(Stored items from a collection)
━━━━

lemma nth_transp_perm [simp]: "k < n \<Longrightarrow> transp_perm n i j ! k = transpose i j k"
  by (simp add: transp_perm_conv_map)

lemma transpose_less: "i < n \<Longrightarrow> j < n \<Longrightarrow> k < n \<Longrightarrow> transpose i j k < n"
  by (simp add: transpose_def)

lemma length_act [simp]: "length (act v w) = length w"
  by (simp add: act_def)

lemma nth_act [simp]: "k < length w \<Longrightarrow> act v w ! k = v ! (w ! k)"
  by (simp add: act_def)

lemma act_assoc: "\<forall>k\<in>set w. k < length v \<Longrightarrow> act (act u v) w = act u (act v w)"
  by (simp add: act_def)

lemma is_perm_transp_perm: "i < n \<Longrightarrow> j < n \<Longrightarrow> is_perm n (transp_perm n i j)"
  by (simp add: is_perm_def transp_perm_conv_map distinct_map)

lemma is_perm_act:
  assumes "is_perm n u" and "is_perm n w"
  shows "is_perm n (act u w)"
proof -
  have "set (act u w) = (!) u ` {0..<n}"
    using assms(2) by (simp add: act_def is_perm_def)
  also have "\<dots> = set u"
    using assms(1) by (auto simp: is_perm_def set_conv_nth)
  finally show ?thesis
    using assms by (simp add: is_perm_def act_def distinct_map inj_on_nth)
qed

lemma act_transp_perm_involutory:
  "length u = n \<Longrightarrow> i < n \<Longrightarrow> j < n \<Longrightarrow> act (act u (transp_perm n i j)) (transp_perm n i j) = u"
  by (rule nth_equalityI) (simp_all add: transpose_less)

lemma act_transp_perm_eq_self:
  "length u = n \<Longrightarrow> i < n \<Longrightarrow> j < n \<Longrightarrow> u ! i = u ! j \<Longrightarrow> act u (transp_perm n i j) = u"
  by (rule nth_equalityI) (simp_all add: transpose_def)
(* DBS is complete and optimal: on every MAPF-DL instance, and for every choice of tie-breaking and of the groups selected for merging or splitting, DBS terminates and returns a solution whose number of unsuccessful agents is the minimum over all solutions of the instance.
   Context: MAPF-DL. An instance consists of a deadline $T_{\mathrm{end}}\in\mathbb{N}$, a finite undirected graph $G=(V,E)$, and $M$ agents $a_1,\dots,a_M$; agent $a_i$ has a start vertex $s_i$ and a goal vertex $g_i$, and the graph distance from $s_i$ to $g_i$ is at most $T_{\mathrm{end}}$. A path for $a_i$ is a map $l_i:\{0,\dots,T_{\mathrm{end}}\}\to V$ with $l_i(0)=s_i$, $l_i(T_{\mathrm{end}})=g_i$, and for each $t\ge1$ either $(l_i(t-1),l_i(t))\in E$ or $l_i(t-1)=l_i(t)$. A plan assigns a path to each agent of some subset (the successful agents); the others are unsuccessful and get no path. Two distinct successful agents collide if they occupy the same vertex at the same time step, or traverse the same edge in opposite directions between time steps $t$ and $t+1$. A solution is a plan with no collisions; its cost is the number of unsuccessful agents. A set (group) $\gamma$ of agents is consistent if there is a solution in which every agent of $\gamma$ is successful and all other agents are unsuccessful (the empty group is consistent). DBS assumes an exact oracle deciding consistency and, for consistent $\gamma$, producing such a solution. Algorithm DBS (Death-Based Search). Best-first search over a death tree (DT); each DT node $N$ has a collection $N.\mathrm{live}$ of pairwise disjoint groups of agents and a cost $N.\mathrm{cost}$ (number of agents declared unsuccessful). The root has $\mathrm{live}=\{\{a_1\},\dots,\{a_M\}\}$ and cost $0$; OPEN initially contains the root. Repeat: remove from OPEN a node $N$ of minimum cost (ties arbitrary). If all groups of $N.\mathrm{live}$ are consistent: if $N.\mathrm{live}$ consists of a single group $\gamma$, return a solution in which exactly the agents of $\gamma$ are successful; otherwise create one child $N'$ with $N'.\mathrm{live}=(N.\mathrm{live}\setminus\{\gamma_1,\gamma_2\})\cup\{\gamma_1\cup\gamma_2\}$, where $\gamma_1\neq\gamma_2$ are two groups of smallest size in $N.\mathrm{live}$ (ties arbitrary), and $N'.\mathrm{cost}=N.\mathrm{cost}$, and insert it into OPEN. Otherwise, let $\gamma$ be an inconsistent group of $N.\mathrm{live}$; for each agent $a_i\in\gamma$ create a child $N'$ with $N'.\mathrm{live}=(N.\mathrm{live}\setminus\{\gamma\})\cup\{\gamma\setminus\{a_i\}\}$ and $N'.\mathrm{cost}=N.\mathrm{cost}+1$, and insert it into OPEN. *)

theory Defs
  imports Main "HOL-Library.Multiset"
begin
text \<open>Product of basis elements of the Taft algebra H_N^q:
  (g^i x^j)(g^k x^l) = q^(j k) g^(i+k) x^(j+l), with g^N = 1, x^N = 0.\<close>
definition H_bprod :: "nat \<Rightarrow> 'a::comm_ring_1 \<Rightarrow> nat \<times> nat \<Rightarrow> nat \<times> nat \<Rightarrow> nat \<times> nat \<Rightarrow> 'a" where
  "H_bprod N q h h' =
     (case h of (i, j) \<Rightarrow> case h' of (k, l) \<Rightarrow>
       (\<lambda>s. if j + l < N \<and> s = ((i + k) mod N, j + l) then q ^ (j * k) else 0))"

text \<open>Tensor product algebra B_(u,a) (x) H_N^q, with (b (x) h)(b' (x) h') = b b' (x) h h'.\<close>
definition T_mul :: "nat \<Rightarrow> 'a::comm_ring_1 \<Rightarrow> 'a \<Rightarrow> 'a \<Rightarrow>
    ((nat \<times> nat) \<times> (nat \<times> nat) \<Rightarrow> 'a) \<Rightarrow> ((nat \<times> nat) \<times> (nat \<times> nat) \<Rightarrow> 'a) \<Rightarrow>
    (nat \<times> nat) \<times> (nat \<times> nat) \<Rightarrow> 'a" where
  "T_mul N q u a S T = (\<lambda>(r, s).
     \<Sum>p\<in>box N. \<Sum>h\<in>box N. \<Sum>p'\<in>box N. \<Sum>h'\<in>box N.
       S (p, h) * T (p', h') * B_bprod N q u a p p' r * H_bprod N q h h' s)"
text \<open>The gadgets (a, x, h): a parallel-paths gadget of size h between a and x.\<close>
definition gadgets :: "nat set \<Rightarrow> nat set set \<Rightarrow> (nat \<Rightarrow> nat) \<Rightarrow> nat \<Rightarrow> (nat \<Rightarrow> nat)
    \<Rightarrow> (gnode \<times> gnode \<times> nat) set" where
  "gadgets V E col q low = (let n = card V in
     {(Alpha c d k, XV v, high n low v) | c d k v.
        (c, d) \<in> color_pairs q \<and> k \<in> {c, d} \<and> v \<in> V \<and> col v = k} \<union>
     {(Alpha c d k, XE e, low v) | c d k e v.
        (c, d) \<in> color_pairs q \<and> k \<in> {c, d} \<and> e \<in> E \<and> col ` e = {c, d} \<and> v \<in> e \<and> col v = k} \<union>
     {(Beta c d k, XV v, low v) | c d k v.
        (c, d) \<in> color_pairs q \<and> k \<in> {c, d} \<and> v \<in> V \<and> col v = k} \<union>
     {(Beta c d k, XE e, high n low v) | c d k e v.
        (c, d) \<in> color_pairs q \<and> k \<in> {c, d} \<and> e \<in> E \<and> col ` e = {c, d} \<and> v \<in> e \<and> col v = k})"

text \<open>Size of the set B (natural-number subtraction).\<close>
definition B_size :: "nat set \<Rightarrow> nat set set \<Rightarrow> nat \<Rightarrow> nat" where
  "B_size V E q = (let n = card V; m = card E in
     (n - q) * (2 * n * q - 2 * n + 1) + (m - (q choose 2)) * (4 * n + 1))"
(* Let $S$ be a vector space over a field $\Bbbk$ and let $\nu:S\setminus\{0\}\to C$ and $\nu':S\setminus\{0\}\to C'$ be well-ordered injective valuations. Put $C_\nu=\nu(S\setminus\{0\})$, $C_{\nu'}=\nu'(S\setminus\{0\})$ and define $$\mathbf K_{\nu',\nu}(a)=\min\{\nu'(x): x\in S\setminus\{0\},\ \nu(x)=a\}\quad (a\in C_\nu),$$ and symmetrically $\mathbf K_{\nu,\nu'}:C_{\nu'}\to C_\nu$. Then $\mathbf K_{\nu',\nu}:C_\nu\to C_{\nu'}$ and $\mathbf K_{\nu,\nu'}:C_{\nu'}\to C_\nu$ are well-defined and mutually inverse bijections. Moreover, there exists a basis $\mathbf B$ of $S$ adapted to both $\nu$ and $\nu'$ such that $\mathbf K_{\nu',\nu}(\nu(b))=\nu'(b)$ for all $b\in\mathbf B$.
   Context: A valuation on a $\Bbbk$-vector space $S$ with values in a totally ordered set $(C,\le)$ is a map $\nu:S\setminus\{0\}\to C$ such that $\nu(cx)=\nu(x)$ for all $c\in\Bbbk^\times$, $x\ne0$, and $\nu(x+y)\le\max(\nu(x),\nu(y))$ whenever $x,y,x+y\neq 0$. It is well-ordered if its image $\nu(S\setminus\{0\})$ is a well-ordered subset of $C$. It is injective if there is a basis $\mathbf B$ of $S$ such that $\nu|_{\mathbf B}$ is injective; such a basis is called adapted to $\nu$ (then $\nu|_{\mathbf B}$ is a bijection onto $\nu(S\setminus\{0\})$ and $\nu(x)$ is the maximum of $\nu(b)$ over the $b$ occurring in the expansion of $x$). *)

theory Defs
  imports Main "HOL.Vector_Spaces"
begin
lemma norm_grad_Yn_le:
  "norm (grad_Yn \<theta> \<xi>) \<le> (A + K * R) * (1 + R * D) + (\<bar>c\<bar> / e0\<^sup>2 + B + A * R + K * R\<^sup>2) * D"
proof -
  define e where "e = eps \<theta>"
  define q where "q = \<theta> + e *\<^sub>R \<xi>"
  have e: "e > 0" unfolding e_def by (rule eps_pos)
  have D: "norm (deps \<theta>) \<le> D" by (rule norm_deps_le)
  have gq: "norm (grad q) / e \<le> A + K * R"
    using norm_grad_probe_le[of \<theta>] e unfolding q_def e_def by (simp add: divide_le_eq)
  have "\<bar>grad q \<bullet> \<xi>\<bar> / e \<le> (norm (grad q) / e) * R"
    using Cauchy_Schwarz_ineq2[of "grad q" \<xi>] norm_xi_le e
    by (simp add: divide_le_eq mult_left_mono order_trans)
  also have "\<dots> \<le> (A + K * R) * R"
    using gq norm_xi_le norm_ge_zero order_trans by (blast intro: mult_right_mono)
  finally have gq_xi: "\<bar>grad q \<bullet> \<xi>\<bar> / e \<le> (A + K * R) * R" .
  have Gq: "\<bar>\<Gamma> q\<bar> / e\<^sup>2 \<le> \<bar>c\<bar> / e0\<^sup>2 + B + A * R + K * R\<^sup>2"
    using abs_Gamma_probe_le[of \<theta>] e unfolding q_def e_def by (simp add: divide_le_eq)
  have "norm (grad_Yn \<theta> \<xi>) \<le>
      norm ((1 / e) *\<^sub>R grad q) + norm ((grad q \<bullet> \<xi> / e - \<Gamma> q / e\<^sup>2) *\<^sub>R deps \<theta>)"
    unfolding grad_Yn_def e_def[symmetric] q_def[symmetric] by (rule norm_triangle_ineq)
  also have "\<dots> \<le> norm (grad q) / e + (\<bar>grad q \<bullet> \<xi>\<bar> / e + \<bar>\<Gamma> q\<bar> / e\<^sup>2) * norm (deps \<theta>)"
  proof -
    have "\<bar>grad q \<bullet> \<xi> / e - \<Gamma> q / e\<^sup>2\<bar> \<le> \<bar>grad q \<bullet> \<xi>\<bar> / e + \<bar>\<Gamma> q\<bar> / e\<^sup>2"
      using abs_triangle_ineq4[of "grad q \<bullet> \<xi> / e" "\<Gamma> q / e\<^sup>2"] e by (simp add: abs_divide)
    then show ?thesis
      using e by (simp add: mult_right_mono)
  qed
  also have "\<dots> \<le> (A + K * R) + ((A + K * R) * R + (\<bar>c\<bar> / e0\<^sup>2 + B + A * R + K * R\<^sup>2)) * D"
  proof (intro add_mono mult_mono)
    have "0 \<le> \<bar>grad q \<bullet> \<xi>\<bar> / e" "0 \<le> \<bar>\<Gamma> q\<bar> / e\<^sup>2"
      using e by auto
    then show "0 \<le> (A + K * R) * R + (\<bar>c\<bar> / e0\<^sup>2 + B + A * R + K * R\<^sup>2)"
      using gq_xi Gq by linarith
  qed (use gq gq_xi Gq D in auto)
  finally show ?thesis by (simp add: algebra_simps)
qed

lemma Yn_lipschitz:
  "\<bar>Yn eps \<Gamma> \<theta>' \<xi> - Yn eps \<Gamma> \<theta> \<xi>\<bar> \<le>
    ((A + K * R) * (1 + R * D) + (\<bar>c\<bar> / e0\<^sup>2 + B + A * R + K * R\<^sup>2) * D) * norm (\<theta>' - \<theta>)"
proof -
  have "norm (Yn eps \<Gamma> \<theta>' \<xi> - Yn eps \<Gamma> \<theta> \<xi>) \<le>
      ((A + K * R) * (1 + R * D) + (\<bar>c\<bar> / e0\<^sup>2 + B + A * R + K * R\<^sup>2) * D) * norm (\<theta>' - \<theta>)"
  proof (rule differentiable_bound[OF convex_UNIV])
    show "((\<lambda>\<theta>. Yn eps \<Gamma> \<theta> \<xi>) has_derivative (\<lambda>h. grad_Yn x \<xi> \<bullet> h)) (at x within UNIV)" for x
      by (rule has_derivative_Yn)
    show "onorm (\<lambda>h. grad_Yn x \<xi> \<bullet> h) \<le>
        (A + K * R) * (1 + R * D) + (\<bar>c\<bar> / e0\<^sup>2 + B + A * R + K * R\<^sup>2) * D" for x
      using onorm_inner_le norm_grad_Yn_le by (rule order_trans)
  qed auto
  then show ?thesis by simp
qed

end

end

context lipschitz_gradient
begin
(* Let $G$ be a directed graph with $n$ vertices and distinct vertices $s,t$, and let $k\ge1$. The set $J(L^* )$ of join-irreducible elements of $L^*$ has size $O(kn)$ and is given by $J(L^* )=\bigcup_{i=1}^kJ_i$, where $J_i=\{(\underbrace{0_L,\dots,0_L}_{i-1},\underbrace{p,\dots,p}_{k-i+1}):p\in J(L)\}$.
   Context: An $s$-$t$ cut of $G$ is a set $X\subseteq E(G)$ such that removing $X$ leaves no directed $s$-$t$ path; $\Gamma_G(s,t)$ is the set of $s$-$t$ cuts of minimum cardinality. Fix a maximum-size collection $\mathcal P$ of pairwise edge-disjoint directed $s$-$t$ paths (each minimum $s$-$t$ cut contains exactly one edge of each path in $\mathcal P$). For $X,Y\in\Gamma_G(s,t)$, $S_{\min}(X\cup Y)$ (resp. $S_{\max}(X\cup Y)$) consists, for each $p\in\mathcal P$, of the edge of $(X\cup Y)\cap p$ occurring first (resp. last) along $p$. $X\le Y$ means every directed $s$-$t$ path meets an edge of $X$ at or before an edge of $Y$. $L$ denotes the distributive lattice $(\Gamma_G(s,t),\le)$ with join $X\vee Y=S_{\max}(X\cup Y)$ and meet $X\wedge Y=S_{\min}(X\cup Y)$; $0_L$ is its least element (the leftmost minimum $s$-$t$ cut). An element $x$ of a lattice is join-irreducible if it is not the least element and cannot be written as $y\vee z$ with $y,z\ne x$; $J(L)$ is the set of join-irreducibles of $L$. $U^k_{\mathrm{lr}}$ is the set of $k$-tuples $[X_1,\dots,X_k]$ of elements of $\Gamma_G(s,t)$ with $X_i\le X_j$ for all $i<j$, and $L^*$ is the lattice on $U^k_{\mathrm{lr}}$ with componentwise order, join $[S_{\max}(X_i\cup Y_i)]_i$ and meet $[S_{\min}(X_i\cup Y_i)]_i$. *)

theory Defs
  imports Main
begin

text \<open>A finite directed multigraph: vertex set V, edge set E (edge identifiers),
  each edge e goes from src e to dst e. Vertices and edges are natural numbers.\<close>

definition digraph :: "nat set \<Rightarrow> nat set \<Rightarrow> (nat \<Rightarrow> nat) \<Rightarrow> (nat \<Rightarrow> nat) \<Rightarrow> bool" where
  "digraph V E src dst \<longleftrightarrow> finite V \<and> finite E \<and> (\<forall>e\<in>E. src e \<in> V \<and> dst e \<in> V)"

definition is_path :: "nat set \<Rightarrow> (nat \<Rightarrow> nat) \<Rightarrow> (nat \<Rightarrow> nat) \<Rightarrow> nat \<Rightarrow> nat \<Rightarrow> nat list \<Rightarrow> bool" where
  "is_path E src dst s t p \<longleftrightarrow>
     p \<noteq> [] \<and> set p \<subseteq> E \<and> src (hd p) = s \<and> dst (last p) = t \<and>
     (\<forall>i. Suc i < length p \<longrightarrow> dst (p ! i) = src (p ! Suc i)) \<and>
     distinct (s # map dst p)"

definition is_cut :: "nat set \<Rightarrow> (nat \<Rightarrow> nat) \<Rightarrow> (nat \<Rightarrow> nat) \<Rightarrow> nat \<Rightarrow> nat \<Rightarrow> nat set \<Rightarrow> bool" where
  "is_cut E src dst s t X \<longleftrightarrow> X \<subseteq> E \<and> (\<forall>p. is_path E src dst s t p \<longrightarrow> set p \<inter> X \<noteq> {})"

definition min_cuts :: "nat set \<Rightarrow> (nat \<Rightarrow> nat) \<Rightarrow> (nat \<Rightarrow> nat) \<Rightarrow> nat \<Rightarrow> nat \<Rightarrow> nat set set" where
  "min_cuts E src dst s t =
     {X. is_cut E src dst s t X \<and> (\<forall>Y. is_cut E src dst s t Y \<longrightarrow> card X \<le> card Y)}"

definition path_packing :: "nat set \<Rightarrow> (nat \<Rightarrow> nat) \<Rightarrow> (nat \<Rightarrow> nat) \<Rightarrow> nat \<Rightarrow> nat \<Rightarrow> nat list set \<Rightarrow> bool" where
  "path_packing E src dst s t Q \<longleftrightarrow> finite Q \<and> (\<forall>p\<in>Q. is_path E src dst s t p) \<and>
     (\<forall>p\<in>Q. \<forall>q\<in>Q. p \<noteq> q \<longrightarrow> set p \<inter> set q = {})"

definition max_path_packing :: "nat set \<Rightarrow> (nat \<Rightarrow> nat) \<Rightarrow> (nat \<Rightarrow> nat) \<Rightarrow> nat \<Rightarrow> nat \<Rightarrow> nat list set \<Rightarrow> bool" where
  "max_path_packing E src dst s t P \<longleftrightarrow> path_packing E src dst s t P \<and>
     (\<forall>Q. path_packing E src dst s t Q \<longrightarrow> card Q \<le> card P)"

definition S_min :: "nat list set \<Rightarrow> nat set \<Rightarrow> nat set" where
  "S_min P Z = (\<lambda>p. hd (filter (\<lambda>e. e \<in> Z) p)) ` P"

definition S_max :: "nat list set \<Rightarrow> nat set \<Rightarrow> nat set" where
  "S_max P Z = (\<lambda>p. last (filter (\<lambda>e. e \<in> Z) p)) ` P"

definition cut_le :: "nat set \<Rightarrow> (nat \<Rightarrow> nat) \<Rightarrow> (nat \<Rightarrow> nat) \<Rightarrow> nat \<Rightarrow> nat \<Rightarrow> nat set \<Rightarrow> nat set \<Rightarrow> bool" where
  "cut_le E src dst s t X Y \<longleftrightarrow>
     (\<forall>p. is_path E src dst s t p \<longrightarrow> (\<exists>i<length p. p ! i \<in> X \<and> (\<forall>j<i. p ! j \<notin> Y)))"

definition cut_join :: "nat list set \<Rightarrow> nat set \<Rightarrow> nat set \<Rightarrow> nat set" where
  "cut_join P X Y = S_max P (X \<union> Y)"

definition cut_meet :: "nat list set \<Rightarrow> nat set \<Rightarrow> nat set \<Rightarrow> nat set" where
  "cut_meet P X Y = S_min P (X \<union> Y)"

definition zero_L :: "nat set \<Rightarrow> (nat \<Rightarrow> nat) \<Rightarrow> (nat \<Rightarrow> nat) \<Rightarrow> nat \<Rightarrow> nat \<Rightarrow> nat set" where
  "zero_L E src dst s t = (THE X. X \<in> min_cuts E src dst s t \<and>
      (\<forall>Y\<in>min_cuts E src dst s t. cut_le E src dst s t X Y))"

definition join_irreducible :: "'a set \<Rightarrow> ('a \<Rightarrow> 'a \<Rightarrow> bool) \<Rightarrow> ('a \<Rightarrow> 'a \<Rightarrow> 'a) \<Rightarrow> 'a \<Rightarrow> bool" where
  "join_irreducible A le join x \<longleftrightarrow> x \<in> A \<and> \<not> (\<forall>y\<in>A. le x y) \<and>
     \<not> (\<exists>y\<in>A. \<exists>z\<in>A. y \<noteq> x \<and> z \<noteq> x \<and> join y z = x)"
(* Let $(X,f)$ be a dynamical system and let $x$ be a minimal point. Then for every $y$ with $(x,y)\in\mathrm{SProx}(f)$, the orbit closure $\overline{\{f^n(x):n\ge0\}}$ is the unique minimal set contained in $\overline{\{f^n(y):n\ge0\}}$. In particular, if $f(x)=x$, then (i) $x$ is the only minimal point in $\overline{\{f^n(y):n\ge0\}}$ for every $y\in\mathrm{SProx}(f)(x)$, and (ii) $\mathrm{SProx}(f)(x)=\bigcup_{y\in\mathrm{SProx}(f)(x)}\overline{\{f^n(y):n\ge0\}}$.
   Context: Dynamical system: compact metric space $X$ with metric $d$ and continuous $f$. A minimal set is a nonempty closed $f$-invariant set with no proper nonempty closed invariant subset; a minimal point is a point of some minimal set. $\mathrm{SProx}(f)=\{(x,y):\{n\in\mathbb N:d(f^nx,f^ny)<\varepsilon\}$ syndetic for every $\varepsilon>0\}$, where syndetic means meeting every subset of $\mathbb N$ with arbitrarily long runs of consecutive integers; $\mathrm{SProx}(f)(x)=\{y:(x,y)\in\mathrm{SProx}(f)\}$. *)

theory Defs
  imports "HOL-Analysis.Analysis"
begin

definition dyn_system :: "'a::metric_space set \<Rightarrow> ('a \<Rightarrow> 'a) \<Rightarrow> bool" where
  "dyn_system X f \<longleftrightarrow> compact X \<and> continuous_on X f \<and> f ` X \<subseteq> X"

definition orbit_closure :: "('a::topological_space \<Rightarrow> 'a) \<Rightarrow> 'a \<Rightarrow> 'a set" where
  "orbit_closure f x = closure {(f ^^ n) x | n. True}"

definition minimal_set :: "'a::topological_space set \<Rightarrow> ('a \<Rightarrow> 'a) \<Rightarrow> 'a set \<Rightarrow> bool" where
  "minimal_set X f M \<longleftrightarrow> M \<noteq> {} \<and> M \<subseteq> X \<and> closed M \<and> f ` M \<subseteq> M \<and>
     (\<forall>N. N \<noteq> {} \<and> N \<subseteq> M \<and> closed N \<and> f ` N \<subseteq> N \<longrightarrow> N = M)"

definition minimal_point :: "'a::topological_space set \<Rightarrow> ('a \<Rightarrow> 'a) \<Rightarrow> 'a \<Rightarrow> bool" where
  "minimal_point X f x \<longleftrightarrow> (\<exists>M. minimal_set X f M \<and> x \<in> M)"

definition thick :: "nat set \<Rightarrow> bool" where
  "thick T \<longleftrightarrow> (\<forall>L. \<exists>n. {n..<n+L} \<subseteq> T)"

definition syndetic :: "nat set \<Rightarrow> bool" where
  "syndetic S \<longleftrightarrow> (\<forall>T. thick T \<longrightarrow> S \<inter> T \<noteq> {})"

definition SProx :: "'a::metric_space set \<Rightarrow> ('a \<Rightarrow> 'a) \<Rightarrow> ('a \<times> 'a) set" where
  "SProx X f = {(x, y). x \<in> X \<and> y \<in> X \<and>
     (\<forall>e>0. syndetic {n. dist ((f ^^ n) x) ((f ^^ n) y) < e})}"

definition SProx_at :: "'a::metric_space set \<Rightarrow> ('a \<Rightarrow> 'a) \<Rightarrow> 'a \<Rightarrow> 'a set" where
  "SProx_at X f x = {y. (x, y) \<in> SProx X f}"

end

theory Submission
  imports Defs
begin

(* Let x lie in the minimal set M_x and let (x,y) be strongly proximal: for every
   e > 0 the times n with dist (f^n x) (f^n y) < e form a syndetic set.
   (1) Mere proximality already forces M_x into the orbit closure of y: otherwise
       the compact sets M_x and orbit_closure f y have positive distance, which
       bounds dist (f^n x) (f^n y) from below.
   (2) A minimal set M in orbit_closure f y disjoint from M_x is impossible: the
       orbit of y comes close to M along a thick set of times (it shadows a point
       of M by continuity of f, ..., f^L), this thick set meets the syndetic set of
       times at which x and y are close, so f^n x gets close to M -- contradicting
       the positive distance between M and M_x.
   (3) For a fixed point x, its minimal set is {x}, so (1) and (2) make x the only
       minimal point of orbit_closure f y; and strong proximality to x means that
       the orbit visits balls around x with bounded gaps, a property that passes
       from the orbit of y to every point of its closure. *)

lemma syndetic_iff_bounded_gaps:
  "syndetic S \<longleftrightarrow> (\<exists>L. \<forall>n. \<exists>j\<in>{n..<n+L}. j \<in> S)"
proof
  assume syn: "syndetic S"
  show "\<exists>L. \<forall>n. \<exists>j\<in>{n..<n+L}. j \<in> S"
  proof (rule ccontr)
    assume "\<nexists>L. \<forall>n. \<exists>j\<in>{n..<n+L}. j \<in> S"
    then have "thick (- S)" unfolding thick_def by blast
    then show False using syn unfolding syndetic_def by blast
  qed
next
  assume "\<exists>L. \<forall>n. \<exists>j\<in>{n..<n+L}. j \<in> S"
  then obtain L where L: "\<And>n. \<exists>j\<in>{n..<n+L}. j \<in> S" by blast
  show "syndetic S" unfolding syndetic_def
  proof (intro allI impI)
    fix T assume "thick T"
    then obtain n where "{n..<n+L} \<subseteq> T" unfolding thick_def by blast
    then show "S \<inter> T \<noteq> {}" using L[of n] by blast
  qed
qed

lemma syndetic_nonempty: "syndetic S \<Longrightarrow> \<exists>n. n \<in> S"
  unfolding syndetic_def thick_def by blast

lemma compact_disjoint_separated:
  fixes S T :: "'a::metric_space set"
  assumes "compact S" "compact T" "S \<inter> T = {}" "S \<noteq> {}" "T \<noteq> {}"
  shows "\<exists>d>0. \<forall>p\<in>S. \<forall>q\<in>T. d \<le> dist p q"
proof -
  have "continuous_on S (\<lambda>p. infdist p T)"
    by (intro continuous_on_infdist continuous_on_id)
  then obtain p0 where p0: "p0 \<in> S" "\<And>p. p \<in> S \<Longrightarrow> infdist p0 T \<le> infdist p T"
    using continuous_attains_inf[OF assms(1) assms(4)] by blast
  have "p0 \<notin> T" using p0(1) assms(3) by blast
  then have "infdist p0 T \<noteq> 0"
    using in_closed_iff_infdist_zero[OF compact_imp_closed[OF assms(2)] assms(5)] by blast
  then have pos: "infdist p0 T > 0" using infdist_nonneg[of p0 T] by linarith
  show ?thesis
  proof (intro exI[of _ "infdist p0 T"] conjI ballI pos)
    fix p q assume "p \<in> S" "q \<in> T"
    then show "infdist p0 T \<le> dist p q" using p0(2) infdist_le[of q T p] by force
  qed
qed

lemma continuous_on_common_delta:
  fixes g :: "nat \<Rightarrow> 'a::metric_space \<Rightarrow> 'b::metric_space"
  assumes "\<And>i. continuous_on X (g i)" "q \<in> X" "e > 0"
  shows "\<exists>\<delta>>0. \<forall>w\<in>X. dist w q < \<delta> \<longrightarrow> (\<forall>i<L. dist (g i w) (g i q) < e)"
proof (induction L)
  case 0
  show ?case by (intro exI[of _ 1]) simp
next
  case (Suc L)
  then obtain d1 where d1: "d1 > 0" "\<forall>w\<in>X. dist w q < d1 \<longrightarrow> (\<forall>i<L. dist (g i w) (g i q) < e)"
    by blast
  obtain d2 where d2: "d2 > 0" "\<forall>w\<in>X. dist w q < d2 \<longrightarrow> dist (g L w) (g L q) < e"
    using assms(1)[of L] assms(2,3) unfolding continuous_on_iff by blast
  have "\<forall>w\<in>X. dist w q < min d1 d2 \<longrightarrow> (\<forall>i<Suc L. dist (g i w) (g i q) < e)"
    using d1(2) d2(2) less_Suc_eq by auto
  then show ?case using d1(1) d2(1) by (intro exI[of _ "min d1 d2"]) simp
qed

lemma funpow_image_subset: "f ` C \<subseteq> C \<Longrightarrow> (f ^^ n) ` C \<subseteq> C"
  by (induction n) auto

━━━━

ABOUT THIS EXERCISE: Your task is to retype the entries verbatim, starting with the line that holds "the compact sets" and stopping after the line that holds "the positive distance".

REPLY:
       the compact sets M_x and orbit_closure f y have positive distance, which
       bounds dist (f^n x) (f^n y) from below.
   (2) A minimal set M in orbit_closure f y disjoint from M_x is impossible: the
       orbit of y comes close to M along a thick set of times (it shadows a point
       of M by continuity of f, ..., f^L), this thick set meets the syndetic set of
       times at which x and y are close, so f^n x gets close to M -- contradicting
       the positive distance between M and M_x.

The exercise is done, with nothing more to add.